Uno dei punti più controversi del referendum è un punto chiave che riguarda l’assetto
federale del Regno Unito, all’interno del quale due stati come la Scozia e Irlanda del
Nord hanno dato un chiaro segnale di voler rimanere in UE.
Molto probabilmente la Scozia avrà un’altra possibilità di richiedere l’indipendenza,
ma questo avverrà soltanto dopo la definizione dei termini dell’uscita del Regno
Unito dall’UE. Potrebbero esserci diverse ragioni perché questo avvenga: per primo è
evidentemente prematuro richiedere l’indipendenza dal Regno Unito prima che sia
chiaro che tipo di relazione sia sviluppata con l’UE; secondo il petrolio, importante
fonte d’introiti per le casse nazionali, quota intorno ai 50 dollari al barile, prezzo
notevolmente inferiore rispetto a quando il primo referendum scozzese fu lanciato
anni fa; terzo lo Scottish National Party nel caso di un secondo referendum
sull’indipendenza vuole essere sicuro che vi sia un ampio consenso, onde evitare una
seconda sconfitta; quarto il governo di Londra, infine, non avrebbe le energie e le
capacità di tenere contemporaneamente due negoziati con Bruxelles per l’uscita
dall’UE e con Edimburgo per l’indipendenza della Scozia.
In tutto questo marasma politico, lasciando stare la valutazione sul processo di uscita
dall’UE da parte del Regno Unito, si è finalmente notata la presenza della Banche
centrali che hanno avuto la possibilità di reagire e agendo senza troppo preannunciare
gli interventi effettuati, lavorando dietro le quinte con un’efficacia che forse molti
operatori si erano scordati.
Si può intravedere, dopo I primi interventi, la possibilità, espressa nel discorso di
Mario Draghi su un nuovo coordinamento monetario globale, che a questo punto
diventa alquanto plausibile. Bank of England dovrebbe intervenire a luglio o molto
più probabilmente ad agosto, mentre si fanno sempre più insistente le voci di un
possibile miglioramento del programma QE della BCE.

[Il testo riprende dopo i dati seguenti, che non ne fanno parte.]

(* Let $L>0$, $g>0$, and let $\bar\rho=\bar\rho(x_3)\in L^\infty(\mathbb{R})$ satisfy $\bar\rho'\in C_0^\infty(\mathbb{R})$, $\inf_{\mathbb{R}}\bar\rho>0$ and $\bar\rho'(x_3^0)>0$ for some $x_3^0$. Let $M_{\mathrm c}$, $S(\xi)$, $|\xi|^M_{\mathrm{vc}}$ and $\mathbb{A}^{\mathrm g}$ be as defined in the context (for either the horizontal case $M\ne0$ or the vertical case $|M|\in(0,M_{\mathrm c})$). Then: (1) the set $\mathbb{A}^{\mathrm g}$ is symmetric with respect to the $x$-axis and with respect to the $y$-axis of $\mathbb{R}^2$; (2) countably infinitely many lattice points of $(L^{-1}\mathbb{Z})^2$ belong to $\mathbb{A}^{\mathrm g}$; (3) $\mathbb{A}^{\mathrm g}$ is a nonempty open subset of $\mathbb{R}^2$.
   Context: All functions $\psi$ below are real-valued functions of $x_3\in\mathbb{R}$ and $'=d/dx_3$. $M_{\mathrm c}:=\sqrt{\sup_{\psi\in H^1(\mathbb{R}),\psi\not\equiv0}\int_{\mathbb{R}}g\bar\rho'\psi^2dx_3/\int_{\mathbb{R}}|\psi'|^2dx_3}\in(0,\infty]$. Horizontal case ($\bar{\mathbf M}=M\mathbf e_1$, $M\neq0$): for $\xi=(\xi_1,\xi_2)$ with $0<|M\xi_1|/|\xi|<M_{\mathrm c}$, $S(\xi):=\sqrt{\sup_{\psi\in H^1(\mathbb{R}),\psi\not\equiv0}\big(g|\xi|^2\int\bar\rho'\psi^2dx_3/(M\xi_1)^2-\int|\psi'|^2dx_3\big)/\int|\psi|^2dx_3}$, and $\mathbb{A}^{\mathrm g}:=\big(\{\xi\in\mathbb{R}^2: |\xi_1M|/|\xi|\in(0,M_{\mathrm c}),\ |\xi|<S(\xi)\}\cup\{\xi:\xi_1=0\}\big)\setminus\{\mathbf 0\}$. Vertical case ($\bar{\mathbf M}=M\mathbf e_3$, $|M|\in(0,M_{\mathrm c})$): with $\mathcal M_{\mathrm{vc}}:=\{\psi\in H^2(\mathbb{R}):\int_{\mathbb{R}}(g\bar\rho'\psi^2-M^2|\psi'|^2)dx_3>0\}$, $|\xi|^M_{\mathrm{vc}}:=\sqrt{\inf_{\psi\in\mathcal M_{\mathrm{vc}}}M^2\int|\psi''|^2dx_3/\int(g\bar\rho'\psi^2-M^2|\psi'|^2)dx_3}$ (a finite nonnegative constant), and $\mathbb{A}^{\mathrm g}:=\{\xi\in\mathbb{R}^2:|\xi|^M_{\mathrm{vc}}<|\xi|\}$. *)

theory Defs
  imports "HOL-Analysis.Analysis"
begin
(* Every atomic egalitarian rewrite system $\mathcal{R}=(S,\le,\Sigma,E,M,R)$ can be transformed into a readable one $\mathcal{R}'=(S,\le,\Sigma,E,M,R')$ (where only the set of rules has changed) that induces the same half-rewrite relation.
   Context: An atomic egalitarian rewrite system is a tuple $\mathcal{R}=(S,\le,\Sigma,E,M,R)$ where: $(S,\le,\Sigma)$ is a (kind-completed) order-sorted signature; there are distinguished sorts $\texttt{State}$ and $\texttt{Trans}$ with a common supersort $\texttt{Stage}$, and the system is topmost (no term of sort $\texttt{Stage}$ contains a proper subterm of sort $\texttt{Stage}$); $E$ is a set of possibly conditional equations ``$t=t' \text{ if } C$''; $M$ is a set of possibly conditional membership axioms ``$t:s \text{ if } C$''; and $R$ is a set of possibly conditional rewrite rules ``$t \xrightarrow{\ell} t' \text{ if } C$'' with $t,t'\in T_\Sigma(X)_{\texttt{State}}$ and $\ell\in T_\Sigma(X)_{\texttt{Trans}}$ (a transition term replacing the usual rule label). In all cases the condition $C$ is a conjunction of equational conditions $t_i=t'_i$ and membership conditions $t_j:s_j$ (no rewrite conditions). Half-rewrite relation: for ground terms $u,v$, $u\rightarrow v$ holds iff either there are a rule ``$t \xrightarrow{\ell} t' \text{ if } C$'' in $R$ and a substitution $\theta_1:\mathrm{vars}(\ell,t,t',C)\to T_\Sigma$ with $\mathcal{R}\models C\theta_1$, $u=_E t\theta_1$ and $v=_E \ell\theta_1$; or there are such a rule and a substitution $\theta_2$ with $\mathcal{R}\models C\theta_2$, $u=_E\ell\theta_2$ and $v=_E t'\theta_2$ (where $=_E$ is equality modulo the equations $E$). Readability: a rule is readable iff for every two consecutive half rewrites $u\rightarrow v$ and $v\rightarrow w$ performed using that rule with substitutions $\theta_1$ and $\theta_2$ respectively, the same two half rewrites can be obtained by using the same substitution for both; an atomic egalitarian rewrite system is readable if all its rules are. *)

theory Defs
  imports Main
begin

text \<open>Kinds are represented, as usual for a kind-completed signature, by the top
  sorts of the connected components of (S, <=).\<close>

record ('s, 'f) osig =
  sorts :: "'s set"
  leq   :: "('s \<times> 's) set"
  ops   :: "('f \<times> 's list \<times> 's) set"

datatype ('f, 'v, 's) "term" = Var "'v \<times> 's" | Fun 'f "('f, 'v, 's) term list"

fun vars :: "('f, 'v, 's) term \<Rightarrow> ('v \<times> 's) set" where
  "vars (Var x) = {x}"
| "vars (Fun f ts) = (\<Union>t\<in>set ts. vars t)"

fun subst :: "(('v \<times> 's) \<Rightarrow> ('f, 'v, 's) term) \<Rightarrow> ('f, 'v, 's) term \<Rightarrow> ('f, 'v, 's) term" where
  "subst \<theta> (Var x) = \<theta> x"
| "subst \<theta> (Fun f ts) = Fun f (map (subst \<theta>) ts)"

fun subterms :: "('f, 'v, 's) term \<Rightarrow> ('f, 'v, 's) term set" where
  "subterms (Var x) = {Var x}"
| "subterms (Fun f ts) = insert (Fun f ts) (\<Union>t\<in>set ts. subterms t)"

definition ground :: "('f, 'v, 's) term \<Rightarrow> bool" where
  "ground t \<longleftrightarrow> vars t = {}"

inductive has_sort :: "('s, 'f) osig \<Rightarrow> ('f, 'v, 's) term \<Rightarrow> 's \<Rightarrow> bool" for \<Sigma> where
  sort_var: "s0 \<in> sorts \<Sigma> \<Longrightarrow> (s0, s) \<in> leq \<Sigma> \<Longrightarrow> has_sort \<Sigma> (Var (x, s0)) s"
| sort_fun: "(f, ss, s0) \<in> ops \<Sigma> \<Longrightarrow> length ts = length ss \<Longrightarrow>
     (\<forall>i < length ts. has_sort \<Sigma> (ts ! i) (ss ! i)) \<Longrightarrow> (s0, s) \<in> leq \<Sigma> \<Longrightarrow>
     has_sort \<Sigma> (Fun f ts) s"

Indubbiamente ha molto aiutato l’esito delle elezioni Spagnole, che hanno calmierato
i mercati obbligazionari, non essendoci stato il tanto paventato sorpasso di Unidos
Podemos nei confronti del partito socialista spagnolo. Inoltre il consolidamento del
mercato obbligazionario, e la continua ricerca di possibilità di rendimento più
remunerativi su alcuni titoli con dividendi interessanti, hanno contribuito a contenere
la volatilità dei mercati dopo le difficili giornate del 24 e 27 giugno.